O colégio onde fiz a maior parte da minha formação escolar era curioso e interessante. O nome, Brasil-América, evocava a utopia de uma relação equilibrada e positiva com a terra de Tio Sam. Todos os dias, antes da aula nós cantavamos o hino a celebrar essa amizade que nunca se realizou plenamente. Ao menos não era uma escola religiosa, católica ou protestante. Eu viera de uma escola de freiras muito boa, com instalações excelentes, mas muito rígida. O Brasil-América, com sua baguncinha, de início me pareceu o Paraíso. Havia também muitos alunos judeus por ser uma boa escola laica e essa diversidade era bacana.
Tentando analisar o que aconteceu há mais de quarenta anos, acho que naquele momento nossa escola estava em crise. O Brasil-América era ligado a um curso vestibular famoso, mas decadente, o Vetor. A escola tinha alguns professores excelentes e outros que claramente estavam ali por falta de coisa melhor. Havia alguns professores muito jovens, iniciantes, o que era bom e ruim. Lembro de um professor de Física alucinado, alto e espigado, que viajava no meio da aula contando teorias físicas absolutamente incríveis mas também incompreensíveis para nós. Foi ele que nos ensinou os rudimentos de informática, na década de 70, onde os computadores ainda ocupavam andares inteiros. Este professor era inteligentíssimo e interessado, só não sabia se comunicar conosco.
Caso completamente diferente era o nosso professor de Biologia. Barba cerrada e olhos gentis, ele sabia dar aula para aquela inquieta turma de adolescentes. À época devíamos ter uns 13 anos. Depois de dar conta de coisas como ribossomo, lisossomo, mitocôndrias e o diabo a quatro, ele dava uma parada na aula. E aí, com uma compaixão imensa, mas com um tom informal e engraçado, ele nos falava do amor. Do amor em sua expressão física, carnal.
O mundo dos meninos, o único que eu conhecia e onde infelizmente era obrigado a viver, vivia em ebulição. Havia aqueles que diziam já ter – na expressão nativa da época – comido alguém. Não só contavam tudo em detalhes, mas interrogavam os que eles achavam que não haviam ainda cruzado a soleira do Paraíso. Eu vivia desesperado, minha puberdade estava atrasada e como as falas eram fragmentárias, eu não tinha a menor ideia de como eram as coisas.
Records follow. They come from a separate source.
(* For any implicative frame $(X,\perp,Y,T)$, the algebra $(\mathcal{G}(X),\subseteq,\cap,\vee,\bot,X,\Rightarrow)$ of stable sets, where $\bot$ is the least stable set, $\vee$ the join in $\mathcal G(X)$ and $A\Rightarrow C={}'(A\blacktriangleright C')$, is an integral implicative lattice.
   Context: A sorted frame (polarity) is a triple $(X,\perp,Y)$ with $X,Y$ nonempty sets and ${\perp}\subseteq X\times Y$. For $U\subseteq X$ let $U'=\{y\in Y:\forall x\in U\ x\perp y\}$, and for $V\subseteq Y$ let ${}'V=\{x\in X:\forall y\in V\ x\perp y\}$. $A\subseteq X$ is stable if $A={}'(A')$; $B\subseteq Y$ is co-stable if $B=({}'B)'$. $\mathcal{G}(X)$, $\mathcal{G}(Y)$ are the complete lattices of stable, resp. co-stable, sets under inclusion (meets are intersections; joins are closures of unions, the closure of $W\subseteq X$ being ${}'(W')$ and of $W\subseteq Y$ being $W''=({}'W)'$). Preorders: for $x,z\in X$, $x\le z$ iff $\{x\}'\subseteq\{z\}'$; for $y,v\in Y$, $y\le v$ iff ${}'\{y\}\subseteq{}'\{v\}$; separated means both are partial orders. $\Gamma u$ is the set of elements above $u$. For $T\subseteq Y\times X\times Y$, its Galois dual $T'\subseteq X\times X\times Y$ is $uT'xv$ iff $\forall y\,(yTxv\Rightarrow u\perp y)$. An implicative frame is $(X,\perp,Y,T)$ with: (F0) $x\perp y$ iff $uT'xy$ for all $u\in X$; (F1) separated; (F2) each set $\{y: yTxv\}$ equals $\Gamma w$ for some $w\in Y$; (F3) if $yTxv$, $x_1\le x$, $v_1\le v$ then $yTx_1v_1$; (F4) for all $u,x\in X,v\in Y$, $\{x_1:uT'x_1v\}$ is stable and $\{v_1:uT'xv_1\}$ is co-stable. For $A\in\mathcal{G}(X)$, $B\in\mathcal{G}(Y)$: $A\blacktriangleright B=(\{y:\exists x\in A\,\exists v\in B\ yTxv\})''$. An integral implicative lattice is a bounded lattice with binary $\to$ satisfying (A1) $(a\vee b)\to c=(a\to c)\wedge(b\to c)$, (A2) $a\to(b\wedge c)=(a\to b)\wedge(a\to c)$, (A3) $a\le b$ iff $1\le a\to b$. *)

theory Defs
  imports Main
begin

text \<open>Sorted frame (polarity) (X, perp, Y); all operations are relative to the carriers X, Y.\<close>

definition rprime :: "'x set \<Rightarrow> 'y set \<Rightarrow> ('x \<Rightarrow> 'y \<Rightarrow> bool) \<Rightarrow> 'x set \<Rightarrow> 'y set" where
  "rprime X Y R U = {y \<in> Y. \<forall>x\<in>U. R x y}"

definition lprime :: "'x set \<Rightarrow> 'y set \<Rightarrow> ('x \<Rightarrow> 'y \<Rightarrow> bool) \<Rightarrow> 'y set \<Rightarrow> 'x set" where
  "lprime X Y R V = {x \<in> X. \<forall>y\<in>V. R x y}"

definition stable :: "'x set \<Rightarrow> 'y set \<Rightarrow> ('x \<Rightarrow> 'y \<Rightarrow> bool) \<Rightarrow> 'x set \<Rightarrow> bool" where
  "stable X Y R A \<longleftrightarrow> A \<subseteq> X \<and> A = lprime X Y R (rprime X Y R A)"

definition costable :: "'x set \<Rightarrow> 'y set \<Rightarrow> ('x \<Rightarrow> 'y \<Rightarrow> bool) \<Rightarrow> 'y set \<Rightarrow> bool" where
  "costable X Y R B \<longleftrightarrow> B \<subseteq> Y \<and> B = rprime X Y R (lprime X Y R B)"

definition leX :: "'x set \<Rightarrow> 'y set \<Rightarrow> ('x \<Rightarrow> 'y \<Rightarrow> bool) \<Rightarrow> 'x \<Rightarrow> 'x \<Rightarrow> bool" where
  "leX X Y R x z \<longleftrightarrow> rprime X Y R {x} \<subseteq> rprime X Y R {z}"

definition leY :: "'x set \<Rightarrow> 'y set \<Rightarrow> ('x \<Rightarrow> 'y \<Rightarrow> bool) \<Rightarrow> 'y \<Rightarrow> 'y \<Rightarrow> bool" where
  "leY X Y R y v \<longleftrightarrow> lprime X Y R {y} \<subseteq> lprime X Y R {v}"

definition separated :: "'x set \<Rightarrow> 'y set \<Rightarrow> ('x \<Rightarrow> 'y \<Rightarrow> bool) \<Rightarrow> bool" where
  "separated X Y R \<longleftrightarrow>
     (\<forall>x\<in>X. \<forall>z\<in>X. leX X Y R x z \<and> leX X Y R z x \<longrightarrow> x = z) \<and>
     (\<forall>y\<in>Y. \<forall>v\<in>Y. leY X Y R y v \<and> leY X Y R v y \<longrightarrow> y = v)"

definition GammaY :: "'x set \<Rightarrow> 'y set \<Rightarrow> ('x \<Rightarrow> 'y \<Rightarrow> bool) \<Rightarrow> 'y \<Rightarrow> 'y set" where
  "GammaY X Y R w = {v \<in> Y. leY X Y R w v}"

text \<open>Galois dual T' of T (a subset of Y x X x Y), a relation on X x X x Y.\<close>
definition Tdual :: "'x set \<Rightarrow> 'y set \<Rightarrow> ('x \<Rightarrow> 'y \<Rightarrow> bool) \<Rightarrow> ('y \<Rightarrow> 'x \<Rightarrow> 'y \<Rightarrow> bool)
     \<Rightarrow> 'x \<Rightarrow> 'x \<Rightarrow> 'y \<Rightarrow> bool" where
  "Tdual X Y R T u x v \<longleftrightarrow> (\<forall>y\<in>Y. T y x v \<longrightarrow> R u y)"

definition implicative_frame :: "'x set \<Rightarrow> ('x \<Rightarrow> 'y \<Rightarrow> bool) \<Rightarrow> 'y set \<Rightarrow> ('y \<Rightarrow> 'x \<Rightarrow> 'y \<Rightarrow> bool) \<Rightarrow> bool" where
  "implicative_frame X R Y T \<longleftrightarrow>
     X \<noteq> {} \<and> Y \<noteq> {} \<and>
     \<comment> \<open>F0\<close>
     (\<forall>x\<in>X. \<forall>y\<in>Y. R x y \<longleftrightarrow> (\<forall>u\<in>X. Tdual X Y R T u x y)) \<and>
     \<comment> \<open>F1\<close>
     separated X Y R \<and>
     \<comment> \<open>F2\<close>
     (\<forall>x\<in>X. \<forall>v\<in>Y. \<exists>w\<in>Y. {y \<in> Y. T y x v} = GammaY X Y R w) \<and>
     \<comment> \<open>F3\<close>
     (\<forall>y\<in>Y. \<forall>x\<in>X. \<forall>v\<in>Y. \<forall>x1\<in>X. \<forall>v1\<in>Y.
        T y x v \<and> leX X Y R x1 x \<and> leY X Y R v1 v \<longrightarrow> T y x1 v1) \<and>
     \<comment> \<open>F4\<close>
     (\<forall>u\<in>X. \<forall>x\<in>X. \<forall>v\<in>Y.
        stable X Y R {x1 \<in> X. Tdual X Y R T u x1 v} \<and>
        costable X Y R {v1 \<in> Y. Tdual X Y R T u x v1})"

definition joinG :: "'x set \<Rightarrow> 'y set \<Rightarrow> ('x \<Rightarrow> 'y \<Rightarrow> bool) \<Rightarrow> 'x set \<Rightarrow> 'x set \<Rightarrow> 'x set" where
  "joinG X Y R A B = lprime X Y R (rprime X Y R (A \<union> B))"

definition botG :: "'x set \<Rightarrow> 'y set \<Rightarrow> ('x \<Rightarrow> 'y \<Rightarrow> bool) \<Rightarrow> 'x set" where
  "botG X Y R = lprime X Y R (rprime X Y R {})"

definition tri :: "'x set \<Rightarrow> ('x \<Rightarrow> 'y \<Rightarrow> bool) \<Rightarrow> 'y set \<Rightarrow> ('y \<Rightarrow> 'x \<Rightarrow> 'y \<Rightarrow> bool)
     \<Rightarrow> 'x set \<Rightarrow> 'y set \<Rightarrow> 'y set" where
  "tri X R Y T A B = rprime X Y R (lprime X Y R {y \<in> Y. \<exists>x\<in>A. \<exists>v\<in>B. T y x v})"

definition impG :: "'x set \<Rightarrow> ('x \<Rightarrow> 'y \<Rightarrow> bool) \<Rightarrow> 'y set \<Rightarrow> ('y \<Rightarrow> 'x \<Rightarrow> 'y \<Rightarrow> bool)
     \<Rightarrow> 'x set \<Rightarrow> 'x set \<Rightarrow> 'x set" where
  "impG X R Y T A C = lprime X Y R (tri X R Y T A (rprime X Y R C))"

definition bounded_lattice_on :: "'a set \<Rightarrow> ('a \<Rightarrow> 'a \<Rightarrow> bool) \<Rightarrow> ('a \<Rightarrow> 'a \<Rightarrow> 'a)
     \<Rightarrow> ('a \<Rightarrow> 'a \<Rightarrow> 'a) \<Rightarrow> 'a \<Rightarrow> 'a \<Rightarrow> bool" where
  "bounded_lattice_on S le meet join bt tp \<longleftrightarrow>
     (\<forall>a\<in>S. le a a) \<and>
     (\<forall>a\<in>S. \<forall>b\<in>S. le a b \<and> le b a \<longrightarrow> a = b) \<and>
     (\<forall>a\<in>S. \<forall>b\<in>S. \<forall>c\<in>S. le a b \<and> le b c \<longrightarrow> le a c) \<and>
     (\<forall>a\<in>S. \<forall>b\<in>S. meet a b \<in> S \<and> le (meet a b) a \<and> le (meet a b) b \<and>
        (\<forall>c\<in>S. le c a \<and> le c b \<longrightarrow> le c (meet a b))) \<and>
     (\<forall>a\<in>S. \<forall>b\<in>S. join a b \<in> S \<and> le a (join a b) \<and> le b (join a b) \<and>
        (\<forall>c\<in>S. le a c \<and> le b c \<longrightarrow> le (join a b) c)) \<and>
     bt \<in> S \<and> tp \<in> S \<and> (\<forall>a\<in>S. le bt a \<and> le a tp)"

definition integral_implicative_lattice :: "'a set \<Rightarrow> ('a \<Rightarrow> 'a \<Rightarrow> bool) \<Rightarrow> ('a \<Rightarrow> 'a \<Rightarrow> 'a)
     \<Rightarrow> ('a \<Rightarrow> 'a \<Rightarrow> 'a) \<Rightarrow> 'a \<Rightarrow> 'a \<Rightarrow> ('a \<Rightarrow> 'a \<Rightarrow> 'a) \<Rightarrow> bool" where
  "integral_implicative_lattice S le meet join bt tp imp \<longleftrightarrow>
     bounded_lattice_on S le meet join bt tp \<and>
     (\<forall>a\<in>S. \<forall>b\<in>S. imp a b \<in> S) \<and>
     \<comment> \<open>A1\<close>
     (\<forall>a\<in>S. \<forall>b\<in>S. \<forall>c\<in>S. imp (join a b) c = meet (imp a c) (imp b c)) \<and>
     \<comment> \<open>A2\<close>
     (\<forall>a\<in>S. \<forall>b\<in>S. \<forall>c\<in>S. imp a (meet b c) = meet (imp a b) (imp a c)) \<and>
     \<comment> \<open>A3\<close>
     (\<forall>a\<in>S. \<forall>b\<in>S. le a b \<longleftrightarrow> le tp (imp a b))"

end

theory Submission
  imports Defs
begin

text \<open>
  Unfolding the Galois closures, \<open>A \<Rightarrow> C\<close> is the set of \<open>u\<close> with \<open>u T' x v\<close> for all
  \<open>x \<in> A\<close> and \<open>v \<in> C'\<close>. By (F4) the sets of admissible \<open>x\<close> (resp. \<open>v\<close>) are stable
  (resp. co-stable), so the implication does not change when \<open>A\<close> is replaced by its
  closure or \<open>C'\<close> by its closure. Since the join of \<open>A\<close> and \<open>B\<close> is the closure of
  \<open>A \<union> B\<close> and \<open>(B \<inter> C)'\<close> is the closure of \<open>B' \<union> C'\<close>, this gives (A1) and (A2).
  (A3) is (F0): \<open>u T' x v\<close> holds for all \<open>u\<close> exactly when \<open>x \<perp> v\<close>.
\<close>

lemma rprime_subset: "rprime X Y R U \<subseteq> Y"
  unfolding rprime_def by blast

lemma rprime_antimono: "U \<subseteq> W \<Longrightarrow> rprime X Y R W \<subseteq> rprime X Y R U"
  unfolding rprime_def by blast

lemma lprime_antimono: "V \<subseteq> W \<Longrightarrow> lprime X Y R W \<subseteq> lprime X Y R V"
  unfolding lprime_def by blast

lemma lprime_Un: "lprime X Y R (U \<union> V) = lprime X Y R U \<inter> lprime X Y R V"
  unfolding lprime_def by blast

lemma stable_subset: "stable X Y R A \<Longrightarrow> A \<subseteq> X"
  unfolding stable_def by blast

lemma stable_closed: "stable X Y R A \<Longrightarrow> lprime X Y R (rprime X Y R A) = A"
  unfolding stable_def by simp

lemma costable_closed: "costable X Y R B \<Longrightarrow> rprime X Y R (lprime X Y R B) = B"
  unfolding costable_def by simp

lemma stable_lprime: "V \<subseteq> Y \<Longrightarrow> stable X Y R (lprime X Y R V)"
  unfolding stable_def lprime_def rprime_def by blast

lemma stable_carrier: "stable X Y R X"
  unfolding stable_def lprime_def rprime_def by auto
Meu pai não tolerava conversas desse tipo, falar com a mãe me parecia abominável. Lá vivia eu sofrendo gozação – hoje se chama bullying – o dia inteiro:
– Alvito, você é virgem, não é? Claro que é! Tenho uma amiga mais velha que adora transar com menino virgem.
O nome desse torturador em botão era Ronald, não vou esquecer do nome dele.
Foi aí que apareceu o professor de Biologia, explicando tudo com clareza e, principalmente, naturalidade. Falava de sexo e amor como sendo inseparáveis, sem moralizar. Nos ensinava a cuidar não somente do nosso prazer, mas também do prazer das nossas parceiras. Fomos apresentados ao clitóris, ao ritmo de excitação e gozo diferenciado de homens e mulheres, bem como a métodos de prevenção de gravidez e doenças. Hoje, parece uma banalidade. Lá por volta de 1972-3, em plena Ditadura Militar, era uma revolução.
Lembro até da sala em que tínhamos aula com ele, a última do segundo andar, já debruçada sobre a rua. Apropriado, porque aquele professor nos preparou para cair no mundo feito Che Guevara (perdoem a brincadeira), endurecendo mas sem perder a ternura.